### TASK REQUIREMENTS
From the first line of the records below through the line containing "K[t] is a domain.", copy everything exactly and nothing more.

### SUPPLIED RECORDS

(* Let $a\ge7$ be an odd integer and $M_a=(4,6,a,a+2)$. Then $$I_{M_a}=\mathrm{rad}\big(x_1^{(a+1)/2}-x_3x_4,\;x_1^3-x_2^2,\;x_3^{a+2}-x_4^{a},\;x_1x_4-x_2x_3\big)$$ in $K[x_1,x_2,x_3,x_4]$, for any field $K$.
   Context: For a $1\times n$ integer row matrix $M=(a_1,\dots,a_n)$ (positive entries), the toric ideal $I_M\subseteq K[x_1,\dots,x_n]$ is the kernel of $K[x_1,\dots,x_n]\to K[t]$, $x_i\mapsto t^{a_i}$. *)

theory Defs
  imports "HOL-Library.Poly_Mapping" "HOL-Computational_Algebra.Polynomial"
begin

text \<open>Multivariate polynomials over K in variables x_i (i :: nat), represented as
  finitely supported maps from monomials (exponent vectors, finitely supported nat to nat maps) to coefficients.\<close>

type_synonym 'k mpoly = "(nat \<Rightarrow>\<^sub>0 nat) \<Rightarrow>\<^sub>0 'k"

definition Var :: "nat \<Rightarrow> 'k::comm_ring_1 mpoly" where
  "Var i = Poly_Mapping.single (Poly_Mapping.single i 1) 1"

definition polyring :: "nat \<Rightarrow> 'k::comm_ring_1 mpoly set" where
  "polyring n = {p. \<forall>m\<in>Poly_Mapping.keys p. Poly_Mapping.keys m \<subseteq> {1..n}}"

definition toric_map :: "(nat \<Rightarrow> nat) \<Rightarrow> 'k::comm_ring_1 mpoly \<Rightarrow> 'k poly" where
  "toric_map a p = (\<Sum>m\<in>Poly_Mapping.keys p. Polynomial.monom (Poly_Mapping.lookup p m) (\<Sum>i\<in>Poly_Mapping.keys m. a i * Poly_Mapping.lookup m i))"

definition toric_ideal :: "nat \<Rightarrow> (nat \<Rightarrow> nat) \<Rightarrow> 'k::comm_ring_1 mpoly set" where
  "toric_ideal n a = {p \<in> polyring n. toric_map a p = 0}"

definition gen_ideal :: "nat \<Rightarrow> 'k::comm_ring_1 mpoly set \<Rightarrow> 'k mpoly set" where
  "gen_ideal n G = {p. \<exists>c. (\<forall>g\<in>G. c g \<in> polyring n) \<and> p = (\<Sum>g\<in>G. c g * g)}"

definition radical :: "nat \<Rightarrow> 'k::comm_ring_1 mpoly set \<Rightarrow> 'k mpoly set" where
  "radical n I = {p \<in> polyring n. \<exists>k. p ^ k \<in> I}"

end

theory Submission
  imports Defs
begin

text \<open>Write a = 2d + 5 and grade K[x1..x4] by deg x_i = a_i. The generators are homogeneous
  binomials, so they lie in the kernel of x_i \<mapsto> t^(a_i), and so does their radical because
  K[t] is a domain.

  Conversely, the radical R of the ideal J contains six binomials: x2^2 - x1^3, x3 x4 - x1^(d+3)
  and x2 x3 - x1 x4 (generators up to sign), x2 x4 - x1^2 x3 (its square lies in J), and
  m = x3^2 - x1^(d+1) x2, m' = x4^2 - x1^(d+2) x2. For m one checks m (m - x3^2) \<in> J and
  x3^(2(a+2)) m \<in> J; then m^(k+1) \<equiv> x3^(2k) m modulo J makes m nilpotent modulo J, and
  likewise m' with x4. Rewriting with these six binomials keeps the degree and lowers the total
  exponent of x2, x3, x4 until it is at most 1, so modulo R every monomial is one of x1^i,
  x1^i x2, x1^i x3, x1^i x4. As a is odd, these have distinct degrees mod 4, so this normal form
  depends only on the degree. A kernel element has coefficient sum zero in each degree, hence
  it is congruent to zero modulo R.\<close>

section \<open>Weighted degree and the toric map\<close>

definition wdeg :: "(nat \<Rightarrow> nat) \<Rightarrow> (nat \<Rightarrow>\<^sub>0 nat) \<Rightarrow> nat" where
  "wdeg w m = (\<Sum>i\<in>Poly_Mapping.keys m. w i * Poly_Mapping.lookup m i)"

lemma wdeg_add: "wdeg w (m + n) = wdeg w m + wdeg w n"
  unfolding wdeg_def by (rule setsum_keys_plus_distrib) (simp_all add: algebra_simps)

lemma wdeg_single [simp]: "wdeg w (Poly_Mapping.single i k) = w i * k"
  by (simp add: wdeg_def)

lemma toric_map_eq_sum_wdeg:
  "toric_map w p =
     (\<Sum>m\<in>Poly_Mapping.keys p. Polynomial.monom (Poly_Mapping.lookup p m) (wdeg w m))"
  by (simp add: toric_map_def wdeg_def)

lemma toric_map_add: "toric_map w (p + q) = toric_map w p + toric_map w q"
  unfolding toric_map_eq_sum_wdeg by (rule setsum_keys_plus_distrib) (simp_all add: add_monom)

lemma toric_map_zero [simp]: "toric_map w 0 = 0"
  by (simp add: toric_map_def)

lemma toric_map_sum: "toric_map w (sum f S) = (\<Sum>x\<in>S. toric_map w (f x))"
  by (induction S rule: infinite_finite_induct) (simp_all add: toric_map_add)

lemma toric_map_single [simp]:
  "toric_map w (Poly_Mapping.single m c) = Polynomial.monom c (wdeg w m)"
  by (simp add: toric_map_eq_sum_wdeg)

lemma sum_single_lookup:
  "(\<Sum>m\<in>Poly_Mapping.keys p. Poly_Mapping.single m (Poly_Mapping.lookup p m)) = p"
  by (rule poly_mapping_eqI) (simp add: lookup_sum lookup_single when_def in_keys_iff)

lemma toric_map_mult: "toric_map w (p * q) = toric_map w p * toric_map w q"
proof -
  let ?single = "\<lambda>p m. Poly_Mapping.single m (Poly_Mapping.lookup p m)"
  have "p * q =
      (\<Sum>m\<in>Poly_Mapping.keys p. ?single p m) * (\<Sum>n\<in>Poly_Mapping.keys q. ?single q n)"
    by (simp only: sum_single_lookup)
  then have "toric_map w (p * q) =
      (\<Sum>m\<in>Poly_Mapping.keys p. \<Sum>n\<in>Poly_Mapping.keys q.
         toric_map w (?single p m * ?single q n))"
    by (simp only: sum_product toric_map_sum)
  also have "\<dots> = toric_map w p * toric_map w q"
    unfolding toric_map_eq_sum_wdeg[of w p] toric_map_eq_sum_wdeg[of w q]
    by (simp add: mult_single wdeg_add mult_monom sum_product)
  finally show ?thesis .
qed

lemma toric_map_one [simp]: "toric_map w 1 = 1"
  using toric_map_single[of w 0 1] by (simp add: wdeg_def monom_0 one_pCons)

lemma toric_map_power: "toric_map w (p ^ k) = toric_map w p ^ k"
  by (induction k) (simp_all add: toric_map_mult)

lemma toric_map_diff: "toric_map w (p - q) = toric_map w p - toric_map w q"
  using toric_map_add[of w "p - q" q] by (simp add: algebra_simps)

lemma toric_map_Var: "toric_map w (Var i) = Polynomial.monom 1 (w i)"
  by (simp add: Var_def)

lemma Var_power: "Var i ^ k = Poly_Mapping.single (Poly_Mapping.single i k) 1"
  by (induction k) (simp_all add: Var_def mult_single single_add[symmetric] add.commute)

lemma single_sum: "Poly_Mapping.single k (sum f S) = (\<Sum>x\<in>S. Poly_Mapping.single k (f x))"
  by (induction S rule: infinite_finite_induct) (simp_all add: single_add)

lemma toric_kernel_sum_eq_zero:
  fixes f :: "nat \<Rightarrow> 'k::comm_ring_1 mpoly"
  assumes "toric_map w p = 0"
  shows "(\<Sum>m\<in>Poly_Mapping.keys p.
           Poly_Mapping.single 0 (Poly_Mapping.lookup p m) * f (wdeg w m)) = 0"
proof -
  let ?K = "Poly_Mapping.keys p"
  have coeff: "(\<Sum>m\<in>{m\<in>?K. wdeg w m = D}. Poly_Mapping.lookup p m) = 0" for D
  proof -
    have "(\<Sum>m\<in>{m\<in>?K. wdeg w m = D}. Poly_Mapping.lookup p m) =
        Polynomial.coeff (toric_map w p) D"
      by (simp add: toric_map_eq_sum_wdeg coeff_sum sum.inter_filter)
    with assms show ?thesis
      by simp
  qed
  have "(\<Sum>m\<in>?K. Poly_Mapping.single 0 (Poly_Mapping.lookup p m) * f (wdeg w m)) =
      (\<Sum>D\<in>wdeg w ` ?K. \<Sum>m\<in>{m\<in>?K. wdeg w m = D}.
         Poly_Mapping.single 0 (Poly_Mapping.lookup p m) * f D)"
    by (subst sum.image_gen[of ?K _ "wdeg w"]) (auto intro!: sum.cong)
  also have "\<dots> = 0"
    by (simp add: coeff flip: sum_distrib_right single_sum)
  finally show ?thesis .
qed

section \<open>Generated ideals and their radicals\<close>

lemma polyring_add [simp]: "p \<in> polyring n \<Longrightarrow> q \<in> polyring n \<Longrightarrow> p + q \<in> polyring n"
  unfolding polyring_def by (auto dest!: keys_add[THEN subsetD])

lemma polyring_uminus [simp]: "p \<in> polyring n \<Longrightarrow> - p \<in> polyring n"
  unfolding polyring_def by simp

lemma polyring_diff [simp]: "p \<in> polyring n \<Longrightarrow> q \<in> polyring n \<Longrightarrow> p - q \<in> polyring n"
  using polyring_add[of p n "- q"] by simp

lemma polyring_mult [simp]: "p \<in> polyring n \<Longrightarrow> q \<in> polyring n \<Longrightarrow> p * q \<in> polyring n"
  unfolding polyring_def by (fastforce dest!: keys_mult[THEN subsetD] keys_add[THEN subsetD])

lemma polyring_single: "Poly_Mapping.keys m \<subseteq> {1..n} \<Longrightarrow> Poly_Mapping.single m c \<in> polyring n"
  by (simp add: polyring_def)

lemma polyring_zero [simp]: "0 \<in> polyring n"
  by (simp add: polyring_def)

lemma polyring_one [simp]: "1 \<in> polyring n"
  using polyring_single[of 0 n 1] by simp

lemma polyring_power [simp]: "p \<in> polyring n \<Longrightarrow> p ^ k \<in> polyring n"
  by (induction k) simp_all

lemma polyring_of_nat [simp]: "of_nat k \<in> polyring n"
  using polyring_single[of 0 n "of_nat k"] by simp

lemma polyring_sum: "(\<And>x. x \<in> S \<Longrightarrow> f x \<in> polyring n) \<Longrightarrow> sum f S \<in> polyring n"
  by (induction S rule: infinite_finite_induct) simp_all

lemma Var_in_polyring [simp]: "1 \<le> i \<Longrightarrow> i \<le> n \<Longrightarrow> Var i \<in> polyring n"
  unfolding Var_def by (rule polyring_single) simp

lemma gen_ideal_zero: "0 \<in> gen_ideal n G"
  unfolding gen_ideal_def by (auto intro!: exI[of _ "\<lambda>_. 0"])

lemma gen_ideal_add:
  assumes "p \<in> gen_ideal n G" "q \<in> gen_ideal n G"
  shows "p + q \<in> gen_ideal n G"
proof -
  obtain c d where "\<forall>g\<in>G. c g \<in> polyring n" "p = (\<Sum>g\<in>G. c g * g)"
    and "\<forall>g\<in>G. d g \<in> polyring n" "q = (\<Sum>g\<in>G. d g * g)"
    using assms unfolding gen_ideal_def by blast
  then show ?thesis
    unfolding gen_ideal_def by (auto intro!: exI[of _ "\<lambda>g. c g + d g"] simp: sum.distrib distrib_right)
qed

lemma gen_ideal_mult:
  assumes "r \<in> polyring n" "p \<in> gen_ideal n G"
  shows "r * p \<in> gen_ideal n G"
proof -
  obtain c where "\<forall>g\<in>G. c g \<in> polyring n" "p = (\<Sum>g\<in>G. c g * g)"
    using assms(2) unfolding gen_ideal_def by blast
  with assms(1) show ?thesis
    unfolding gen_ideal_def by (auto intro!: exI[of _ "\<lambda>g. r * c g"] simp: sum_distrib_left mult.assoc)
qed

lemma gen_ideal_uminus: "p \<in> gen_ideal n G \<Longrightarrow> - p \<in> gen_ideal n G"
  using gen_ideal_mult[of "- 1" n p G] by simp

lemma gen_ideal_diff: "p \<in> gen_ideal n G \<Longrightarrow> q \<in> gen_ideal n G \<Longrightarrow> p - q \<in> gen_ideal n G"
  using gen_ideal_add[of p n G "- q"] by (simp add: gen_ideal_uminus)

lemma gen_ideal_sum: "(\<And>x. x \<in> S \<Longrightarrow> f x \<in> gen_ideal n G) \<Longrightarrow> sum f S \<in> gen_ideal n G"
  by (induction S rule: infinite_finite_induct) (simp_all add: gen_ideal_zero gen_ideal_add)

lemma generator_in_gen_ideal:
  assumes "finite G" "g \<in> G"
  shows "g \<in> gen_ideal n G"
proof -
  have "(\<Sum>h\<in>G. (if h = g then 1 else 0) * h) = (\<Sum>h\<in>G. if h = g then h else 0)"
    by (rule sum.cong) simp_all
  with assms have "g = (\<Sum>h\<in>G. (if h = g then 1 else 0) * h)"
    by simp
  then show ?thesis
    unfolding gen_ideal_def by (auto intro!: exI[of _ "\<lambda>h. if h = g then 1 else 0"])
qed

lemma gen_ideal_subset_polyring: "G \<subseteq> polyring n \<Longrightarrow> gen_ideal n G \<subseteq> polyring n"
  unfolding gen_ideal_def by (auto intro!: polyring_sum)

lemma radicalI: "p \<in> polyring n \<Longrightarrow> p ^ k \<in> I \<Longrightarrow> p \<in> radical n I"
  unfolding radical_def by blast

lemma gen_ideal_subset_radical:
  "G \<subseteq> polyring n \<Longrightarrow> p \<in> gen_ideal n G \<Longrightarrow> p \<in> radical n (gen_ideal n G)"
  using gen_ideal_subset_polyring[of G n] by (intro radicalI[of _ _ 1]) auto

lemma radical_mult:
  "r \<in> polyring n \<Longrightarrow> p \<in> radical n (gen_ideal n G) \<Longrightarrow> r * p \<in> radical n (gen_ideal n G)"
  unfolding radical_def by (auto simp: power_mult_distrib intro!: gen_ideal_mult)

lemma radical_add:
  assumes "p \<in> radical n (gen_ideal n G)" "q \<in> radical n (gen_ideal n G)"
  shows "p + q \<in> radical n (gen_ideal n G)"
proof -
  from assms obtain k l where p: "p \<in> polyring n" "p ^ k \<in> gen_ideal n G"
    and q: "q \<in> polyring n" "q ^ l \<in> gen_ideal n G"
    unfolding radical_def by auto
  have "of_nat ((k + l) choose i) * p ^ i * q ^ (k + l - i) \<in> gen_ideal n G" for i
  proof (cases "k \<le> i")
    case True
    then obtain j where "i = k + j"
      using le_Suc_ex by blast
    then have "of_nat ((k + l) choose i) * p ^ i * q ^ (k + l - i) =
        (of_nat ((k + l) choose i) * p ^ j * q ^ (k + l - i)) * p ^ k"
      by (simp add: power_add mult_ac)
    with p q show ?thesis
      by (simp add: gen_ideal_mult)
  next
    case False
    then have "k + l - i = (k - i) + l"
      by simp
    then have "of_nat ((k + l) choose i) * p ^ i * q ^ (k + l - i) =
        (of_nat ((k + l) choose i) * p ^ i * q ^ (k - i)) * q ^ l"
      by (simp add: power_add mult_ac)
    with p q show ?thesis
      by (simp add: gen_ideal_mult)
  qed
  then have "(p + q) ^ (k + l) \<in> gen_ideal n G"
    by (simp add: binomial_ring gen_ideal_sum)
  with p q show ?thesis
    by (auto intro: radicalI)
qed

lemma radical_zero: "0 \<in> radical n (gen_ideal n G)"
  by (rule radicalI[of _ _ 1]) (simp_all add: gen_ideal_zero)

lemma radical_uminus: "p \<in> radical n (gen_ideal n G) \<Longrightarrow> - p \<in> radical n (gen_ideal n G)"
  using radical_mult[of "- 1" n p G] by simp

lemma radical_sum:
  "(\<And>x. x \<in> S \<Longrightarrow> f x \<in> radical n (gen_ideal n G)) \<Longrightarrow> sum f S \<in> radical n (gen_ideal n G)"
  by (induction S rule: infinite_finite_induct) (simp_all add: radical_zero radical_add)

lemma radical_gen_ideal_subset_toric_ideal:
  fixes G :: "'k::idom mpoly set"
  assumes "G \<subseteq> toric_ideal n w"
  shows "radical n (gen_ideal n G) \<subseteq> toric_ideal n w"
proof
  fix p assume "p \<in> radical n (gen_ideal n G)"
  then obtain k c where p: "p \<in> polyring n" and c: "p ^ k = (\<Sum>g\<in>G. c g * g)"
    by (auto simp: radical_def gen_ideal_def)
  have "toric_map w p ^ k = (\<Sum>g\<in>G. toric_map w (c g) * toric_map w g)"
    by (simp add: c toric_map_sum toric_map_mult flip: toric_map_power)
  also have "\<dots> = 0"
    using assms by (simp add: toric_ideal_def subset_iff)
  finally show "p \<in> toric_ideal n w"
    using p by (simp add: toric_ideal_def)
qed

### ANSWER TO THIS EXERCISE
(* Let $a\ge7$ be an odd integer and $M_a=(4,6,a,a+2)$. Then $$I_{M_a}=\mathrm{rad}\big(x_1^{(a+1)/2}-x_3x_4,\;x_1^3-x_2^2,\;x_3^{a+2}-x_4^{a},\;x_1x_4-x_2x_3\big)$$ in $K[x_1,x_2,x_3,x_4]$, for any field $K$.
   Context: For a $1\times n$ integer row matrix $M=(a_1,\dots,a_n)$ (positive entries), the toric ideal $I_M\subseteq K[x_1,\dots,x_n]$ is the kernel of $K[x_1,\dots,x_n]\to K[t]$, $x_i\mapsto t^{a_i}$. *)

theory Defs
  imports "HOL-Library.Poly_Mapping" "HOL-Computational_Algebra.Polynomial"
begin

text \<open>Multivariate polynomials over K in variables x_i (i :: nat), represented as
  finitely supported maps from monomials (exponent vectors, finitely supported nat to nat maps) to coefficients.\<close>

type_synonym 'k mpoly = "(nat \<Rightarrow>\<^sub>0 nat) \<Rightarrow>\<^sub>0 'k"

definition Var :: "nat \<Rightarrow> 'k::comm_ring_1 mpoly" where
  "Var i = Poly_Mapping.single (Poly_Mapping.single i 1) 1"

definition polyring :: "nat \<Rightarrow> 'k::comm_ring_1 mpoly set" where
  "polyring n = {p. \<forall>m\<in>Poly_Mapping.keys p. Poly_Mapping.keys m \<subseteq> {1..n}}"

definition toric_map :: "(nat \<Rightarrow> nat) \<Rightarrow> 'k::comm_ring_1 mpoly \<Rightarrow> 'k poly" where
  "toric_map a p = (\<Sum>m\<in>Poly_Mapping.keys p. Polynomial.monom (Poly_Mapping.lookup p m) (\<Sum>i\<in>Poly_Mapping.keys m. a i * Poly_Mapping.lookup m i))"

definition toric_ideal :: "nat \<Rightarrow> (nat \<Rightarrow> nat) \<Rightarrow> 'k::comm_ring_1 mpoly set" where
  "toric_ideal n a = {p \<in> polyring n. toric_map a p = 0}"

definition gen_ideal :: "nat \<Rightarrow> 'k::comm_ring_1 mpoly set \<Rightarrow> 'k mpoly set" where
  "gen_ideal n G = {p. \<exists>c. (\<forall>g\<in>G. c g \<in> polyring n) \<and> p = (\<Sum>g\<in>G. c g * g)}"

definition radical :: "nat \<Rightarrow> 'k::comm_ring_1 mpoly set \<Rightarrow> 'k mpoly set" where
  "radical n I = {p \<in> polyring n. \<exists>k. p ^ k \<in> I}"

end

theory Submission
  imports Defs
begin

text \<open>Write a = 2d + 5 and grade K[x1..x4] by deg x_i = a_i. The generators are homogeneous
  binomials, so they lie in the kernel of x_i \<mapsto> t^(a_i), and so does their radical because
  K[t] is a domain.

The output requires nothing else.